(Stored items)

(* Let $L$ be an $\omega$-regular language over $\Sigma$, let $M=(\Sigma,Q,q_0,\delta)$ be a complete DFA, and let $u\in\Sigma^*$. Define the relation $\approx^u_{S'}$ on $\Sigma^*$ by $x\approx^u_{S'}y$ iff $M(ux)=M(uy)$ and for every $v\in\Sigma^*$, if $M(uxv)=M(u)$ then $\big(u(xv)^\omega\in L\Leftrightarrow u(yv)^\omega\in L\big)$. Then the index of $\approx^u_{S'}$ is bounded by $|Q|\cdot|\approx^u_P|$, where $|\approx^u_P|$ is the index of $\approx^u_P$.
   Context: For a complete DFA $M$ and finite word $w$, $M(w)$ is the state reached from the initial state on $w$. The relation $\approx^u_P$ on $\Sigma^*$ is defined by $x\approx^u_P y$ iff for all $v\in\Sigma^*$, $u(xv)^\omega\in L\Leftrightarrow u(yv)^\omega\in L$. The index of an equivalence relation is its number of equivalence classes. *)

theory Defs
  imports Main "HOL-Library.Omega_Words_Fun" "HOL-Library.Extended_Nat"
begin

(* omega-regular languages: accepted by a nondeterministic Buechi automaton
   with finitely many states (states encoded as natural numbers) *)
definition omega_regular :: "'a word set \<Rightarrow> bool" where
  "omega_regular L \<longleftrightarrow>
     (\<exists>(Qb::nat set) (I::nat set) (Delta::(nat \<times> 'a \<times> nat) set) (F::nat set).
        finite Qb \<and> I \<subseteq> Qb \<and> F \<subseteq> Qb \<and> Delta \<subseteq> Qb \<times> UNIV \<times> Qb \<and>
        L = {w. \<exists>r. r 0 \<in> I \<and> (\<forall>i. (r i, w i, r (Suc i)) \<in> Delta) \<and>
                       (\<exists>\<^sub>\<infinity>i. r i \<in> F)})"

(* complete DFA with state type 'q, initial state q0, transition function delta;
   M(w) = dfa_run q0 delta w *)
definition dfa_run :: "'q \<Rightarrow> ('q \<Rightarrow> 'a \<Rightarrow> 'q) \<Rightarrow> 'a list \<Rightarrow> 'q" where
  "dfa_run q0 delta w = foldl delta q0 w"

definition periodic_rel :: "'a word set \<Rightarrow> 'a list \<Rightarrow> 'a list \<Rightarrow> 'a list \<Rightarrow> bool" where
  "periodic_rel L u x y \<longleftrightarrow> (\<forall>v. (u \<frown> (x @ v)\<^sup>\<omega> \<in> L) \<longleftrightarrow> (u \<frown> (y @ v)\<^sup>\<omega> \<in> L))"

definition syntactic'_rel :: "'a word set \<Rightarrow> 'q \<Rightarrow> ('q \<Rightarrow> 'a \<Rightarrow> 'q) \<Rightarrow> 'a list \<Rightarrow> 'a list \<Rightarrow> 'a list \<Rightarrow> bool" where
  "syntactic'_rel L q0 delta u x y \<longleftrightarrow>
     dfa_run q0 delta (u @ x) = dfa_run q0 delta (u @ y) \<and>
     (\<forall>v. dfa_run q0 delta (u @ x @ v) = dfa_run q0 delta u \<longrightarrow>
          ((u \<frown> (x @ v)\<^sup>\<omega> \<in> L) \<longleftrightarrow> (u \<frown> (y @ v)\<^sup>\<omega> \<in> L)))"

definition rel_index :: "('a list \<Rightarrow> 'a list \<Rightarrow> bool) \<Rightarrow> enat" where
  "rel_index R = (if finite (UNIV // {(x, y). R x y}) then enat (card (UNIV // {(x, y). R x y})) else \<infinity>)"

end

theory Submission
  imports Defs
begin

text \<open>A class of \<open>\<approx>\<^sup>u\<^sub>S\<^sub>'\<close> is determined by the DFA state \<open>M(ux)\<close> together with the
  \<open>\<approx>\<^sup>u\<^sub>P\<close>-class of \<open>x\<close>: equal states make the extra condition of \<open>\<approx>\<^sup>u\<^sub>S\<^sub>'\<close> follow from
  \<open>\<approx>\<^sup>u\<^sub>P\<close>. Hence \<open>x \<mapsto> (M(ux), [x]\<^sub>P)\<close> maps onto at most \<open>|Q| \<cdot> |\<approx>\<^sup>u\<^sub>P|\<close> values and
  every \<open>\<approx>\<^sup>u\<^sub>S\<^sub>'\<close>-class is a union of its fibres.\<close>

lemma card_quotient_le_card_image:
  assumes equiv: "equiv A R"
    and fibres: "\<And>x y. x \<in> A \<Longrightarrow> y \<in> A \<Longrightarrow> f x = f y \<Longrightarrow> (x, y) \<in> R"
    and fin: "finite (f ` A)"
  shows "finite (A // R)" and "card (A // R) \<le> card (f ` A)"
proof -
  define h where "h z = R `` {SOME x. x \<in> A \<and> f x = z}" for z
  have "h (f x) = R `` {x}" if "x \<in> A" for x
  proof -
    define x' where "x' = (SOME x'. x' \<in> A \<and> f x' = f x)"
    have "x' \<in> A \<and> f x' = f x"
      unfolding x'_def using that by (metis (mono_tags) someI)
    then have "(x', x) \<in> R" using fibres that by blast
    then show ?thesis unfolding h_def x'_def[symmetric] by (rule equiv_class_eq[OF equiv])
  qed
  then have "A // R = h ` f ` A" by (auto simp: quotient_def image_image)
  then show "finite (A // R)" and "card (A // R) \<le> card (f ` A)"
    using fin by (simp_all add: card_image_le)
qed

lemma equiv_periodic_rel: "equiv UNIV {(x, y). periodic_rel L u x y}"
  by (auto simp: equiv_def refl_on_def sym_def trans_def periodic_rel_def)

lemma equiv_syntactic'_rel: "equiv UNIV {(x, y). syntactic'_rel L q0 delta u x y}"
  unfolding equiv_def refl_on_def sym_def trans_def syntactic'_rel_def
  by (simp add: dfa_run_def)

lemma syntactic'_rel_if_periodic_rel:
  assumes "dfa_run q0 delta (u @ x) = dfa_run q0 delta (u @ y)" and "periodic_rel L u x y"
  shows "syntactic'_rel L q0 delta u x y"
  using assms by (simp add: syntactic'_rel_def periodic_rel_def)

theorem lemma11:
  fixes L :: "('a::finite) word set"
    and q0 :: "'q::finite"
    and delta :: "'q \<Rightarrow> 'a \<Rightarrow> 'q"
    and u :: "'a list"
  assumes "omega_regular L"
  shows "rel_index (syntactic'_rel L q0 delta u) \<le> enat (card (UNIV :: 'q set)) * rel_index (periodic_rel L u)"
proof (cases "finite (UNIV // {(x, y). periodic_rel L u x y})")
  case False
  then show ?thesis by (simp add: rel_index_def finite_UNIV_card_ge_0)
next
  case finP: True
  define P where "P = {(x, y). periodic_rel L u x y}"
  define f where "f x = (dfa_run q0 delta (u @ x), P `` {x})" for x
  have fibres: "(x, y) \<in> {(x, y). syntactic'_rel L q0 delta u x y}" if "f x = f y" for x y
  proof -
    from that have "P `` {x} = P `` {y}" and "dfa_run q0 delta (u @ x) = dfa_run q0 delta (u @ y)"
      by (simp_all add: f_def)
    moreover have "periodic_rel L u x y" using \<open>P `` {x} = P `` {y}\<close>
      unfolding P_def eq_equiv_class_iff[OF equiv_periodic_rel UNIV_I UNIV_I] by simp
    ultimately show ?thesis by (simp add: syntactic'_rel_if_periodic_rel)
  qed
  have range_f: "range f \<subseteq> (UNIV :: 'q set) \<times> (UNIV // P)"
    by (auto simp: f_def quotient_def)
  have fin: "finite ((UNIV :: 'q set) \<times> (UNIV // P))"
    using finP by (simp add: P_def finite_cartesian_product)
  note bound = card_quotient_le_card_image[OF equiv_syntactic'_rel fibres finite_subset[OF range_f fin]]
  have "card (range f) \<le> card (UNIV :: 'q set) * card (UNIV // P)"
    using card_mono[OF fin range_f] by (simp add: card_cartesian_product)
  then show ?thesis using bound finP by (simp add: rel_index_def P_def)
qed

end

--

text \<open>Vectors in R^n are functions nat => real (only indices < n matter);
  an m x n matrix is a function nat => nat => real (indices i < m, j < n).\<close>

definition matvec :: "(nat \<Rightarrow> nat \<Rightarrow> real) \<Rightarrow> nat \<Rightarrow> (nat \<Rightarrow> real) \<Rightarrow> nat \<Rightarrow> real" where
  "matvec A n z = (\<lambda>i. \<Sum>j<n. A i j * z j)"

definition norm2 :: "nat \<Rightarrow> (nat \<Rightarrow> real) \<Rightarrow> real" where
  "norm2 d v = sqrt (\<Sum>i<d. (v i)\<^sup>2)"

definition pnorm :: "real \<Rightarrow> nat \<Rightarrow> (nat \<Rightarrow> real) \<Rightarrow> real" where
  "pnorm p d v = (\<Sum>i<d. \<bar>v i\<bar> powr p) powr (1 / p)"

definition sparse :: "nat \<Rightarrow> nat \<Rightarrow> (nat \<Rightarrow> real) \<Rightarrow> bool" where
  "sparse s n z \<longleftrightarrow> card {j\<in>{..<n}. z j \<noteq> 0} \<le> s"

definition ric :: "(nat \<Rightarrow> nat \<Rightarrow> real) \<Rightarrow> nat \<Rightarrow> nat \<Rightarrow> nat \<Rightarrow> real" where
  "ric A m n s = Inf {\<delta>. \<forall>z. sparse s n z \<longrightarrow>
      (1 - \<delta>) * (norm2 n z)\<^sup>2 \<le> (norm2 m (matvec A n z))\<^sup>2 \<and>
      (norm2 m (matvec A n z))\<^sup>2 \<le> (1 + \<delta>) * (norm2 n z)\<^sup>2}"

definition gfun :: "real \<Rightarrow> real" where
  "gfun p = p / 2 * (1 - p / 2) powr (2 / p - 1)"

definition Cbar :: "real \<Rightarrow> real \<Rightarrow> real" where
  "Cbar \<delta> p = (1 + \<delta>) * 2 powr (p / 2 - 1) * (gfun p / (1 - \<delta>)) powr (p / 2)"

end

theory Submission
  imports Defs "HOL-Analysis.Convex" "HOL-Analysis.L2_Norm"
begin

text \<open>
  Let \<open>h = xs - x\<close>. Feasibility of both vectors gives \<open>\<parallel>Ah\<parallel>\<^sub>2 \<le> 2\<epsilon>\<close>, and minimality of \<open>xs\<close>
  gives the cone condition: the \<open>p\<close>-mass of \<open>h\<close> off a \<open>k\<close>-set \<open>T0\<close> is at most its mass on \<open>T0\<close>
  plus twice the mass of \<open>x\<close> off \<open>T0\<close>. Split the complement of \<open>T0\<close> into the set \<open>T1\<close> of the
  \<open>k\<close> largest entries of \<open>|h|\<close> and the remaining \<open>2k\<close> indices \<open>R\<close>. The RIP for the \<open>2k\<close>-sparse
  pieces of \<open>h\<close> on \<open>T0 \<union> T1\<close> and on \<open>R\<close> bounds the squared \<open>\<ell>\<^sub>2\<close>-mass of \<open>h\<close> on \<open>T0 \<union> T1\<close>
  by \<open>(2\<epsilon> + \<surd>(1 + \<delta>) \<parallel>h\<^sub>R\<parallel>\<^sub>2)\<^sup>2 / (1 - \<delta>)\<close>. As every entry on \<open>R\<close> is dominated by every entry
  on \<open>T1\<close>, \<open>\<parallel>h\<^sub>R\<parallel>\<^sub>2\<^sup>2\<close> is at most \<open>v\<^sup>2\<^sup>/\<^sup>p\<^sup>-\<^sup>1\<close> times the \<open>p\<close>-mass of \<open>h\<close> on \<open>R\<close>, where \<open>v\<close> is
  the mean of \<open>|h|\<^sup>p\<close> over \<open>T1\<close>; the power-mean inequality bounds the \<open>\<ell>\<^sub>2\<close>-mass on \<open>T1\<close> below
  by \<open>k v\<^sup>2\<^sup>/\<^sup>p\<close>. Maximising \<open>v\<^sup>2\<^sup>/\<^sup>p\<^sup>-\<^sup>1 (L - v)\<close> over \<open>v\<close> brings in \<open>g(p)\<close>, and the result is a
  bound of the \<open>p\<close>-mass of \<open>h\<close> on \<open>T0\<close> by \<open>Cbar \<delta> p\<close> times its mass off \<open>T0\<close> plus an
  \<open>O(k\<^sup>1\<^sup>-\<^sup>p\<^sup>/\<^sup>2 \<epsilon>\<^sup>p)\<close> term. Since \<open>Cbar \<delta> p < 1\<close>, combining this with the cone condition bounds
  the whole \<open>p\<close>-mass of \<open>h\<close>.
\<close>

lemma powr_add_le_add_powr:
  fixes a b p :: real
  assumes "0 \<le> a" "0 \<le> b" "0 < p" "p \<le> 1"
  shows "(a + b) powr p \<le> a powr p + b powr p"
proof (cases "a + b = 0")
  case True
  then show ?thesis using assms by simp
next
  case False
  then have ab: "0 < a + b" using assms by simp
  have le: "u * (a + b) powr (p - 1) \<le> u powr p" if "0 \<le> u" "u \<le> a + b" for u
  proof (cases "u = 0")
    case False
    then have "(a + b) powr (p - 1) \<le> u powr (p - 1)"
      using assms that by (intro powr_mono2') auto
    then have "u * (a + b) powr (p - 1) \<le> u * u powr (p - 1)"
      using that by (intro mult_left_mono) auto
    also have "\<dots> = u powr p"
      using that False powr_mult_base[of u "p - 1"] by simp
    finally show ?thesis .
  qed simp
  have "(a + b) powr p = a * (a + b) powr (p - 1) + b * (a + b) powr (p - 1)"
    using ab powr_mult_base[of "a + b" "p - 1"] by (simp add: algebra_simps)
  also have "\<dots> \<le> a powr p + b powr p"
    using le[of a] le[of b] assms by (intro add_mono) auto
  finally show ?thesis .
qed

— EXERCISE DIRECTIONS —
Where does the string "cone" appear in the records? Copy every line that holds it.

— RESULT OF THIS TASK —
  gives the cone condition: the \<open>p\<close>-mass of \<open>h\<close> off a \<open>k\<close>-set \<open>T0\<close> is at most its mass on \<open>T0\<close>
  \<open>O(k\<^sup>1\<^sup>-\<^sup>p\<^sup>/\<^sup>2 \<epsilon>\<^sup>p)\<close> term. Since \<open>Cbar \<delta> p < 1\<close>, combining this with the cone condition bounds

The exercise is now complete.